WORK ITEM.
Total the lines of the entries below that hold the string "metis", then write only that total.

EXERCISE INPUTS.
lemma staircase_of_insert_lex_max:
  assumes C: "staircase_of C P" and p_max: "\<forall>q\<in>P. q \<le> p"
  shows "staircase_of (append_undominated C p) (insert p P)"
proof (cases "C = []")
  case True
  with C have "P = {}" by (simp add: staircase_of_def)
  with True show ?thesis
    by (auto simp: staircase_of_def append_undominated_def pareto_front_def dominates_def)
next
  case False
  define m where "m = last C"
  have sorted: "sorted_wrt (<) C" and setC: "set C = pareto_front P"
    and m_lowest: "\<forall>q\<in>P. snd m \<le> snd q"
    using C False by (auto simp: staircase_of_def m_def)
  have mP: "m \<in> P" using False setC by (auto simp: m_def pareto_front_def)
  have p_undominated: "\<forall>q\<in>P. \<not> dominates p q" using p_max not_dominates_if_lex_le by blast
  show ?thesis
  proof (cases "dominates m p \<or> m = p")
    case True
    then have "append_undominated C p = C"
      using False by (auto simp: append_undominated_def m_def)
    moreover have "pareto_front (insert p P) = pareto_front P"
      using True mP p_undominated by (auto simp: pareto_front_def insert_absorb)
    moreover have "snd m \<le> snd p" using True by (auto simp: dominates_def)
    ultimately show ?thesis
      using C False m_lowest by (simp add: staircase_of_def m_def)
  next
    case undominated: False
    then have appended: "append_undominated C p = C @ [p]"
      by (simp add: append_undominated_def m_def)
    have "m < p" using p_max mP undominated by auto
    with undominated have p_lowest: "snd p < snd m"
      by (cases m; cases p) (auto simp: dominates_def)
    then have "p \<notin> P" using m_lowest by force
    then have "sorted_wrt (<) (C @ [p])"
      using sorted setC p_max by (auto simp: sorted_wrt_append pareto_front_def order.order_iff_strict)
    moreover have "set (C @ [p]) = pareto_front (insert p P)"
      using setC p_undominated p_lowest m_lowest by (force simp: pareto_front_def dominates_def)
    moreover have "\<forall>q\<in>insert p P. snd p \<le> snd q"
      using p_lowest m_lowest by force
    ultimately show ?thesis by (simp add: staircase_of_def appended)
  qed
qed

subsection \<open>The heap as the frontier of the extracted entries\<close>

definition live_columns :: "point list \<Rightarrow> point list \<Rightarrow> (nat \<Rightarrow> nat) \<Rightarrow> nat set" where
  "live_columns A B f = {j. j < length B \<and> f j < length A}"

definition frontier_entry ::
    "point list \<Rightarrow> point list \<Rightarrow> (nat \<Rightarrow> nat) \<Rightarrow> nat \<Rightarrow> point \<times> nat \<times> nat" where
  "frontier_entry A B f j = (mink A B (f j) j, f j, j)"

definition frontier_heap :: "point list \<Rightarrow> point list \<Rightarrow> (nat \<Rightarrow> nat) \<Rightarrow> heap" where
  "frontier_heap A B f = image_mset (frontier_entry A B f) (mset_set (live_columns A B f))"

definition extracted :: "point list \<Rightarrow> point list \<Rightarrow> (nat \<Rightarrow> nat) \<Rightarrow> point set" where
  "extracted A B f = {mink A B i j | i j. j < length B \<and> i < f j}"

lemma finite_live_columns: "finite (live_columns A B f)"
  by (simp add: live_columns_def)

lemma size_frontier_heap: "size (frontier_heap A B f) \<le> length B"
proof -
  have "size (frontier_heap A B f) = card (live_columns A B f)"
    by (simp add: frontier_heap_def)
  also have "\<dots> \<le> card {..<length B}"
    by (rule card_mono) (auto simp: live_columns_def)
  finally show ?thesis by simp
qed

lemma frontier_heap_empty_iff: "frontier_heap A B f = {#} \<longleftrightarrow> live_columns A B f = {}"
  by (simp add: frontier_heap_def finite_live_columns mset_set_empty_iff)

lemma frontier_heap_Min:
  assumes "frontier_heap A B f \<noteq> {#}"
  obtains j where "j \<in> live_columns A B f"
    and "Min (set_mset (frontier_heap A B f)) = frontier_entry A B f j"
    and "\<forall>k\<in>live_columns A B f. mink A B (f j) j \<le> mink A B (f k) k"
proof -
  have set_heap: "set_mset (frontier_heap A B f) = frontier_entry A B f ` live_columns A B f"
    by (simp add: frontier_heap_def finite_live_columns)
  have "Min (set_mset (frontier_heap A B f)) \<in> set_mset (frontier_heap A B f)"
    using assms by simp
  then obtain j where j: "j \<in> live_columns A B f"
    and Min: "Min (set_mset (frontier_heap A B f)) = frontier_entry A B f j"
    using set_heap by auto
  have "mink A B (f j) j \<le> mink A B (f k) k" if "k \<in> live_columns A B f" for k
  proof -
    have "frontier_entry A B f j \<le> frontier_entry A B f k"
      using Min that set_heap by (metis Min_le finite_imageI finite_live_columns imageI)
    then show ?thesis
      unfolding frontier_entry_def by (subst (asm) less_eq_prod_def) (auto intro: less_imp_le)
  qed
  with j Min that show ?thesis by blast
qed

lemma frontier_heap_advance:
  assumes "j \<in> live_columns A B f"
  shows "frontier_heap A B (f(j := Suc (f j))) =
    (if Suc (f j) < length A
     then add_mset (mink A B (Suc (f j)) j, Suc (f j), j)
            (frontier_heap A B f - {#frontier_entry A B f j#})
     else frontier_heap A B f - {#frontier_entry A B f j#})"
proof -
  define f' where "f' = f(j := Suc (f j))"
  have "frontier_heap A B f - {#frontier_entry A B f j#}
        = image_mset (frontier_entry A B f) (mset_set (live_columns A B f - {j}))"
    using assms by (simp add: frontier_heap_def finite_live_columns mset_set.remove)
  also have "\<dots> = image_mset (frontier_entry A B f') (mset_set (live_columns A B f - {j}))"
    by (rule image_mset_cong) (auto simp: frontier_entry_def f'_def finite_live_columns)
  finally have removed: "frontier_heap A B f - {#frontier_entry A B f j#} = \<dots>" .
  show ?thesis
  proof (cases "Suc (f j) < length A")
    case True
    then have "live_columns A B f' = insert j (live_columns A B f - {j})"
      using assms by (auto simp: live_columns_def f'_def)
    moreover have "mset_set (insert j (live_columns A B f - {j}))
        = add_mset j (mset_set (live_columns A B f - {j}))"
      by (rule mset_set.insert) (auto simp: finite_live_columns)
    ultimately show ?thesis
      using True removed by (simp add: frontier_heap_def f'_def frontier_entry_def)
  next
    case False
    then have "live_columns A B f' = live_columns A B f - {j}"
      using assms by (auto simp: live_columns_def f'_def)
    then show ?thesis using False removed by (simp add: frontier_heap_def f'_def)
  qed
qed

lemma extracted_advance:
  "j < length B \<Longrightarrow> extracted A B (f(j := Suc (f j))) = insert (mink A B (f j) j) (extracted A B f)"
  by (auto simp: extracted_def less_Suc_eq)

lemma extracted_all: "\<forall>j<length B. f j = length A \<Longrightarrow> extracted A B f = entries A B"
  unfolding extracted_def entries_def by metis

lemma live_columns_empty_iff_sum:
  assumes "\<forall>j<length B. f j \<le> length A"
  shows "live_columns A B f = {} \<longleftrightarrow> (\<Sum>j<length B. f j) = length A * length B"
proof
  assume "live_columns A B f = {}"
  then have "\<forall>j<length B. f j = length A" using assms by (force simp: live_columns_def)
  then show "(\<Sum>j<length B. f j) = length A * length B" by simp
next
  assume sum: "(\<Sum>j<length B. f j) = length A * length B"
  show "live_columns A B f = {}"
  proof (rule ccontr)
    assume "live_columns A B f \<noteq> {}"
    then have "\<exists>j\<in>{..<length B}. f j < length A" by (auto simp: live_columns_def)
    then have "(\<Sum>j<length B. f j) < (\<Sum>j<length B. length A)"
      using assms by (intro sum_strict_mono_ex1) auto
    with sum show False by simp
  qed
qed

lemma sum_lessThan_advance:
  fixes f :: "nat \<Rightarrow> nat"
  assumes "j < n"
  shows "(\<Sum>k<n. (f(j := Suc (f j))) k) = Suc (\<Sum>k<n. f k)"
proof -
  have "(\<Sum>k<n. (f(j := Suc (f j))) k) = (\<Sum>k<n. f k + (if k = j then 1 else 0))"
    by (rule sum.cong) auto
  also have "\<dots> = (\<Sum>k<n. f k) + 1" using assms by (simp add: sum.distrib)
  finally show ?thesis by simp
qed

lemma column_strict_mono:
  assumes "sorted_wrt (<) A" "i < i'" "i' < length A"
  shows "mink A B i j < mink A B i' j"
proof -
  have "A ! i < A ! i'" using assms sorted_wrt_nth_less by blast
  then show ?thesis
    by (cases "A ! i"; cases "A ! i'") (auto simp: mink_def padd_def)
qed

subsection \<open>The loop invariant\<close>

definition sc_invariant :: "point list \<Rightarrow> point list \<Rightarrow> (nat \<Rightarrow> nat) \<Rightarrow> state \<Rightarrow> bool" where
  "sc_invariant A B f s \<longleftrightarrow> (\<forall>j<length B. f j \<le> length A) \<and>
     fst s = frontier_heap A B f \<and> staircase_of (snd s) (extracted A B f) \<and>
     (\<forall>j\<in>live_columns A B f. \<forall>q\<in>extracted A B f. q \<le> mink A B (f j) j)"

lemma sc_invariant_init:
  assumes "A \<noteq> []"
  shows "sc_invariant A B (\<lambda>_. 0) (sc_init A B)"
proof -
  have "live_columns A B (\<lambda>_. 0) = {..<length B}"
    using assms by (auto simp: live_columns_def)
  moreover have "frontier_entry A B (\<lambda>_. 0) = (\<lambda>j. (mink A B 0 j, 0, j))"
    by (rule ext) (simp add: frontier_entry_def)
  ultimately have "fst (sc_init A B) = frontier_heap A B (\<lambda>_. 0)"
    by (simp add: sc_init_def frontier_heap_def frontier_entry_def mset_set_upto_eq_mset_upto)
  moreover have "extracted A B (\<lambda>_. 0) = {}" by (simp add: extracted_def)
  ultimately show ?thesis
    by (simp add: sc_invariant_def sc_init_def staircase_of_empty)
qed

lemma sc_step_Min:
  assumes "H \<noteq> {#}" "Min (set_mset H) = (p, i, j)"
  shows "sc_step A B (H, C) =
    (if Suc i < length A then add_mset (mink A B (Suc i) j, Suc i, j) (H - {#(p, i, j)#})
     else H - {#(p, i, j)#}, append_undominated C p)"
  using assms by (simp add: sc_step_def append_undominated_def Let_def)

lemma sc_invariant_step:
  assumes inv: "sc_invariant A B f s" and nonempty: "fst s \<noteq> {#}" and A: "sorted_wrt (<) A"
  shows "\<exists>j\<in>live_columns A B f. sc_invariant A B (f(j := Suc (f j))) (sc_step A B s)"
proof -
  obtain H C where s: "s = (H, C)" by fastforce
  have H: "H = frontier_heap A B f" and C: "staircase_of C (extracted A B f)"
    and bounded: "\<forall>j<length B. f j \<le> length A"
    and below: "\<forall>j\<in>live_columns A B f. \<forall>q\<in>extracted A B f. q \<le> mink A B (f j) j"
    using inv s by (auto simp: sc_invariant_def)
  have "frontier_heap A B f \<noteq> {#}" using nonempty s H by simp
  then obtain j where j: "j \<in> live_columns A B f"
    and Min: "Min (set_mset (frontier_heap A B f)) = frontier_entry A B f j"
    and least: "\<forall>k\<in>live_columns A B f. mink A B (f j) j \<le> mink A B (f k) k"
    by (rule frontier_heap_Min)
  define p where "p = mink A B (f j) j"
  define f' where "f' = f(j := Suc (f j))"
  have j_bounds: "j < length B" "f j < length A" using j by (auto simp: live_columns_def)
  have step: "sc_step A B s = (frontier_heap A B f', append_undominated C p)"
    using sc_step_Min[of H p "f j" j A B C] Min nonempty s H frontier_heap_advance[OF j]
    by (simp add: frontier_entry_def p_def f'_def)
  have extracted': "extracted A B f' = insert p (extracted A B f)"
    using extracted_advance j_bounds by (simp add: p_def f'_def)
  have p_max: "\<forall>q\<in>extracted A B f. q \<le> p" using below j by (simp add: p_def)
  have "p \<le> mink A B (f' k) k" if "k \<in> live_columns A B f'" for k
  proof (cases "k = j")
    case True
    with that have "Suc (f j) < length A" by (simp add: live_columns_def f'_def)
    with True A show ?thesis
      by (auto simp: p_def f'_def intro: less_imp_le column_strict_mono)
  next
    case False
    with that have "k \<in> live_columns A B f" by (simp add: live_columns_def f'_def)
    with False least show ?thesis by (simp add: p_def f'_def)
  qed
  then have "\<forall>k\<in>live_columns A B f'. \<forall>q\<in>extracted A B f'. q \<le> mink A B (f' k) k"
    using p_max extracted' by (fastforce intro: order_trans)
  moreover have "staircase_of (append_undominated C p) (extracted A B f')"
    using staircase_of_insert_lex_max[OF C p_max] extracted' by simp
  moreover have "\<forall>k<length B. f' k \<le> length A" using bounded j_bounds by (simp add: f'_def)
  ultimately have "sc_invariant A B f' (sc_step A B s)" using step by (simp add: sc_invariant_def)
  with j show ?thesis unfolding f'_def by blast
qed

EXPECTED ANSWER.
2